EXERCISE DIRECTIONS
For the data below, restate word for word only the lines from the line containing "pre_hi_def grid_Suc field_simps)" through the line containing "m) \<le> preimage", both ends included.

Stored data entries

lemma pre_hi_antimono: "pre_hi z (Suc m) \<le> pre_hi z m"
proof -
  have pos: "real (grid m) > 0" "real (branch m) > 0" "real (grid (Suc (Suc m))) > 0"
    using grid_pos[of m] branch_ge_256[of m] grid_pos[of "Suc (Suc m)"] by auto
  have "pre_hi z (Suc m) \<le> (real (pre_cell z (Suc m)) + 1) / real (grid (Suc m))"
    using pos by (simp add: pre_hi_def)
  also have "\<dots> \<le> (real (pre_cell z m * branch m) + real (branch m) - 1) / real (grid (Suc m))"
    using child_of_rank_room[of m z] pos by (intro divide_right_mono) auto
  also have "\<dots> = pre_hi z m" using pos by (simp add: pre_hi_def grid_Suc field_simps)
  finally show ?thesis .
qed

lemma pre_lo_le_pre_hi: "pre_lo z j \<le> pre_hi z m"
proof -
  have lo_hi: "pre_lo z m \<le> pre_hi z m" for m
    using grid_mono[of m "Suc m"] grid_pos[of m] by (simp add: pre_lo_def pre_hi_def add_divide_distrib frac_le)
  show ?thesis
  proof (cases "j \<le> m")
    case True
    then show ?thesis using lift_Suc_mono_le[of "pre_lo z", OF pre_lo_mono True] lo_hi[of m] by linarith
  next
    case False
    then show ?thesis using lift_Suc_antimono_le[of "pre_hi z", OF pre_hi_antimono, of m j] lo_hi[of j] by simp
  qed
qed

lemma preimage_bounds: "pre_lo z m \<le> preimage z" "preimage z \<le> pre_hi z m"
proof -
  have "bdd_above (range (pre_lo z))" by (rule bdd_aboveI[of _ "pre_hi z 0"]) (auto intro: pre_lo_le_pre_hi)
  then show "pre_lo z m \<le> preimage z" unfolding preimage_def by (intro cSUP_upper) simp_all
  show "preimage z \<le> pre_hi z m" unfolding preimage_def by (intro cSUP_least) (auto intro: pre_lo_le_pre_hi)
qed

lemma cell_preimage: "cell m (preimage z) = pre_cell z m"
proof -
  have pos: "real (grid m) > 0" "real (grid (Suc m)) > 0" using grid_pos[of m] grid_pos[of "Suc m"] by auto
  have lower: "real (pre_cell z m) \<le> preimage z * real (grid m)"
    using preimage_bounds(1)[of z m] pos by (simp add: pre_lo_def field_simps)
  have "1 / real (grid (Suc m)) > 0" using pos by simp
  then have "preimage z < (real (pre_cell z m) + 1) / real (grid m)"
    using preimage_bounds(2)[of z m] unfolding pre_hi_def by linarith
  then have upper: "preimage z * real (grid m) < real (pre_cell z m) + 1" using pos by (simp add: field_simps)
  show ?thesis unfolding cell_def using lower upper by (rule nat_floor_eqI)
qed

lemma preimage_in_cantor: "preimage z \<in> cantor"
proof -
  have "0 \<le> preimage z" using preimage_bounds(1)[of z 0] by (simp add: pre_lo_def)
  moreover have "preimage z < 1"
  proof -
    have "pre_hi z 0 = 1 - 1 / real (grid 1)" by (simp add: pre_hi_def grid_def grid_exp_def)
    moreover have "1 / real (grid 1) > 0" using grid_pos[of 1] by simp
    ultimately show ?thesis using preimage_bounds(2)[of z 0] by linarith
  qed
  ultimately show ?thesis using selected_pre_cell by (simp add: cantor_def cell_preimage)
qed

lemma digit_preimage: "digit m (preimage z) = z_digit z m"
proof -
  have "cell (Suc m) (preimage z) mod branch m = child_of_rank m (pre_cell z m) (z_digit z m)"
    using child_of_rank_room[of m z] by (simp add: cell_preimage)
  then show ?thesis
    using child_of_rank_chosen(2)[OF selected_pre_cell z_digit_less] by (simp add: digit_def cell_preimage)
qed

lemma phi_onto: "{0..<1} \<subseteq> phi ` cantor"
proof
  fix z :: real assume "z \<in> {0..<1}"
  then have "(\<lambda>m. phi_term (preimage z) m) sums z"
    using z_digit_sums[of z] by (simp add: phi_term_def digit_preimage)
  then have "phi (preimage z) = z" unfolding phi_def by (rule sums_unique[symmetric])
  then show "z \<in> phi ` cantor" using preimage_in_cantor by (metis image_eqI)
qed

subsection \<open>The target set is large in every dimension \<open>s < 1\<close>\<close>

lemma hausdorff_measure_target_nonzero:
  assumes "0 < s" "s < 1"
  shows "hausdorff_measure s target \<noteq> 0"
proof -
  obtain \<rho> where "\<rho> > 0" and holder:
      "\<And>x y. x \<in> cantor \<Longrightarrow> y \<in> cantor \<Longrightarrow> \<bar>x - y\<bar> < \<rho> \<Longrightarrow> \<bar>phi x - phi y\<bar> \<le> \<bar>x - y\<bar> powr s"
    using phi_holder[OF assms] by blast
  have "ennreal (1/2) \<le> hausdorff_measure s target"
    using hausdorff_measure_ge_half_if_holder_onto[OF \<open>0 < s\<close> \<open>\<rho> > 0\<close> cantor_subset_target phi_onto]
      holder by blast
  then show ?thesis by auto
qed

end

text \<open>Choice of the parameters: \<open>E\<close> makes the grids fine enough for the blocks, \<open>D\<close> makes the
  blocks long enough, and \<open>a\<close> absorbs the constants \<open>C1\<close> and \<open>C2\<close>.\<close>
lemma construction_exists:
  fixes C1 C2 \<gamma> :: real and t :: "nat \<Rightarrow> real"
  assumes "C1 > 0" and "C2 > 0" and "\<gamma> > 0"
    and "\<forall>n\<ge>1. C1 * real n powr \<gamma> \<le> t n \<and> t n \<le> C2 * real n powr \<gamma>"
  shows "\<exists>E D a. construction t \<gamma> C1 C2 E D a"
proof -
  define E :: nat where "E = nat \<lceil>2*\<gamma>\<rceil> + 4"
  have E_large: "real E \<ge> 2*\<gamma> + 4" unfolding E_def using assms(3) by linarith
  define D :: nat where "D = nat \<lceil>(real E + 1) / \<gamma>\<rceil> + 2"
  have "real D \<ge> (real E + 1) / \<gamma>" unfolding D_def by linarith
  then have D_gamma: "real D * \<gamma> \<ge> real E + 1" using assms(3) by (simp add: field_simps)
  define K where "K = C2 * 768 * ln (2 * real D)"
  have "K > 0" unfolding K_def using assms(2) by (simp add: D_def)
  then have "eventually (\<lambda>x::nat. K * real x \<le> 2^x) sequentially" by real_asymp
  moreover have "eventually (\<lambda>x::nat. 1 \<le> C1 * 2^x) sequentially" using assms(1) by real_asymp
  ultimately have "eventually (\<lambda>x::nat. K * real x \<le> 2^x \<and> 1 \<le> C1 * 2^x) sequentially"
    by (rule eventually_conj)
  then obtain a0 where a0: "\<And>x. x \<ge> a0 \<Longrightarrow> K * real x \<le> 2^x \<and> 1 \<le> C1 * 2^x"
    unfolding eventually_sequentially by blast
  define a where "a = max a0 2"
  have "D \<ge> 2" "a \<ge> 2" by (simp_all add: D_def a_def)
  moreover have "C1 * 2^a \<ge> 1" using a0[of a] by (simp add: a_def)
  moreover have "\<forall>x\<ge>a. (C2 * 768 * ln (2 * real D)) * real x \<le> 2^x" using a0 by (simp add: a_def K_def)
  ultimately have "construction t \<gamma> C1 C2 E D a"
    using assms E_large D_gamma by (intro construction.intro) simp_all
  then show ?thesis by blast
qed

text \<open>The main theorem, with \<open>n0 = N 1\<close> and the constant \<open>C\<close> of the construction.\<close>
theorem theorem7:
  fixes C1 C2 \<gamma> :: real and t :: "nat \<Rightarrow> real"
  assumes "C1 > 0" and "C2 > 0" and "\<gamma> > 0"
    and "\<forall>n\<ge>1. C1 * real n powr \<gamma> \<le> t n \<and> t n \<le> C2 * real n powr \<gamma>"
  shows "\<exists>C > 0. \<exists>n0::nat. n0 \<ge> 2 \<and>
           hausdorff_dim (\<Inter>n\<in>{n0..}. {\<xi>::real. dist_int (\<xi> * t n) > C / (real n * ln (real n))}) = 1"
proof -
  obtain E D a where "construction t \<gamma> C1 C2 E D a" using construction_exists[OF assms] by blast
  then interpret construction t \<gamma> C1 C2 E D a .
  have "hausdorff_dim target = 1"
    by (rule hausdorff_dim_eq_1) (rule hausdorff_measure_target_nonzero)
  moreover have "C > 0" "N 1 \<ge> 2" using C_pos N_ge_4[of 1] by auto
  ultimately show ?thesis unfolding target_def by blast
qed
lemma dense_ball_radius_le:
  fixes F :: "'a::euclidean_space set"
  assumes F: "F \<in> fmeasurable lborel" and \<sigma>: "0 < \<sigma>" and d: "dense_ball F \<sigma> c r"
  shows "r \<le> max 1 (measure lborel F / (\<sigma> * unit_ball_vol (real DIM('a))))"
proof (cases "r \<le> 1")
  case False
  have r: "0 < r" using d by (simp add: dense_ball_def)
  have "\<sigma> * (unit_ball_vol (real DIM('a)) * r ^ DIM('a)) < measure lborel (F \<inter> ball c r)"
    using d r by (simp add: dense_ball_def measure_lborel_ball)
  also have "\<dots> \<le> measure lborel F"
    using F by (intro measure_mono_fmeasurable) auto
  finally have "\<sigma> * unit_ball_vol (real DIM('a)) * r ^ DIM('a) < measure lborel F"
    by (simp add: mult.assoc)
  moreover have "r ^ 1 \<le> r ^ DIM('a)"
    using False by (intro power_increasing) (auto simp: DIM_positive Suc_leI)
  then have "\<sigma> * unit_ball_vol (real DIM('a)) * r \<le> \<sigma> * unit_ball_vol (real DIM('a)) * r ^ DIM('a)"
    using \<sigma> by (intro mult_left_mono) auto
  ultimately have "\<sigma> * unit_ball_vol (real DIM('a)) * r < measure lborel F"
    by linarith
  then have "r < measure lborel F / (\<sigma> * unit_ball_vol (real DIM('a)))"
    using \<sigma> by (simp add: field_simps)
  then show ?thesis
    by (simp add: le_max_iff_disj)
qed simp

lemma obtain_nearly_largest_dense_balls:
  fixes F :: "'a::euclidean_space set"
  assumes F: "F \<in> fmeasurable lborel" and \<sigma>: "0 < \<sigma>"
  obtains a \<rho> where
    "\<And>y. y \<in> dense_ball_union F \<sigma> \<Longrightarrow> dense_ball F \<sigma> (a y) (\<rho> y) \<and> y \<in> ball (a y) (\<rho> y)"
    "\<And>y c r. y \<in> dense_ball_union F \<sigma> \<Longrightarrow> dense_ball F \<sigma> c r \<Longrightarrow> y \<in> ball c r \<Longrightarrow> r < 2 * \<rho> y"
proof -
  have "\<exists>p. dense_ball F \<sigma> (fst p) (snd p) \<and> y \<in> ball (fst p) (snd p) \<and>
      (\<forall>c r. dense_ball F \<sigma> c r \<longrightarrow> y \<in> ball c r \<longrightarrow> r < 2 * snd p)"
    if y: "y \<in> dense_ball_union F \<sigma>" for y
  proof -
    define R where "R = {r. \<exists>c. dense_ball F \<sigma> c r \<and> y \<in> ball c r}"
    obtain r0 where r0: "r0 \<in> R"
      using y unfolding R_def mem_dense_ball_union by blast
    have bdd: "bdd_above R"
      unfolding R_def by (rule bdd_aboveI) (blast dest: dense_ball_radius_le[OF F \<sigma>])
    have "0 < r0"
      using r0 by (auto simp: R_def dense_ball_def)
    also have "r0 \<le> Sup R"
      using r0 bdd by (rule cSup_upper)
    finally have "Sup R / 2 < Sup R" by simp
    then obtain r where r: "r \<in> R" "Sup R / 2 < r"
      using less_cSupD[of R] r0 by blast
    then obtain c where "dense_ball F \<sigma> c r" "y \<in> ball c r"
      unfolding R_def by blast
    moreover have "r' < 2 * r" if "dense_ball F \<sigma> c' r'" "y \<in> ball c' r'" for c' r'
    proof -
      have "r' \<in> R" using that unfolding R_def by blast
      then have "r' \<le> Sup R" using bdd by (rule cSup_upper)
      then show ?thesis using r(2) by linarith
    qed
    ultimately show ?thesis
      by (intro exI[of _ "(c, r)"]) auto
  qed
  then obtain p where "\<And>y. y \<in> dense_ball_union F \<sigma> \<Longrightarrow> dense_ball F \<sigma> (fst (p y)) (snd (p y)) \<and>
      y \<in> ball (fst (p y)) (snd (p y)) \<and> (\<forall>c r. dense_ball F \<sigma> c r \<longrightarrow> y \<in> ball c r \<longrightarrow> r < 2 * snd (p y))"
    by metis
  then show ?thesis
    by (intro that[of "\<lambda>y. fst (p y)" "\<lambda>y. snd (p y)"]) auto
qed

YOUR SOLUTION
  also have "\<dots> = pre_hi z m" using pos by (simp add: pre_hi_def grid_Suc field_simps)
  finally show ?thesis .
qed

lemma pre_lo_le_pre_hi: "pre_lo z j \<le> pre_hi z m"
proof -
  have lo_hi: "pre_lo z m \<le> pre_hi z m" for m
    using grid_mono[of m "Suc m"] grid_pos[of m] by (simp add: pre_lo_def pre_hi_def add_divide_distrib frac_le)
  show ?thesis
  proof (cases "j \<le> m")
    case True
    then show ?thesis using lift_Suc_mono_le[of "pre_lo z", OF pre_lo_mono True] lo_hi[of m] by linarith
  next
    case False
    then show ?thesis using lift_Suc_antimono_le[of "pre_hi z", OF pre_hi_antimono, of m j] lo_hi[of j] by simp
  qed
qed

lemma preimage_bounds: "pre_lo z m \<le> preimage z" "preimage z \<le> pre_hi z m"
proof -
  have "bdd_above (range (pre_lo z))" by (rule bdd_aboveI[of _ "pre_hi z 0"]) (auto intro: pre_lo_le_pre_hi)
  then show "pre_lo z m \<le> preimage z" unfolding preimage_def by (intro cSUP_upper) simp_all
  show "preimage z \<le> pre_hi z m" unfolding preimage_def by (intro cSUP_least) (auto intro: pre_lo_le_pre_hi)
qed

lemma cell_preimage: "cell m (preimage z) = pre_cell z m"
proof -
  have pos: "real (grid m) > 0" "real (grid (Suc m)) > 0" using grid_pos[of m] grid_pos[of "Suc m"] by auto
  have lower: "real (pre_cell z m) \<le> preimage z * real (grid m)"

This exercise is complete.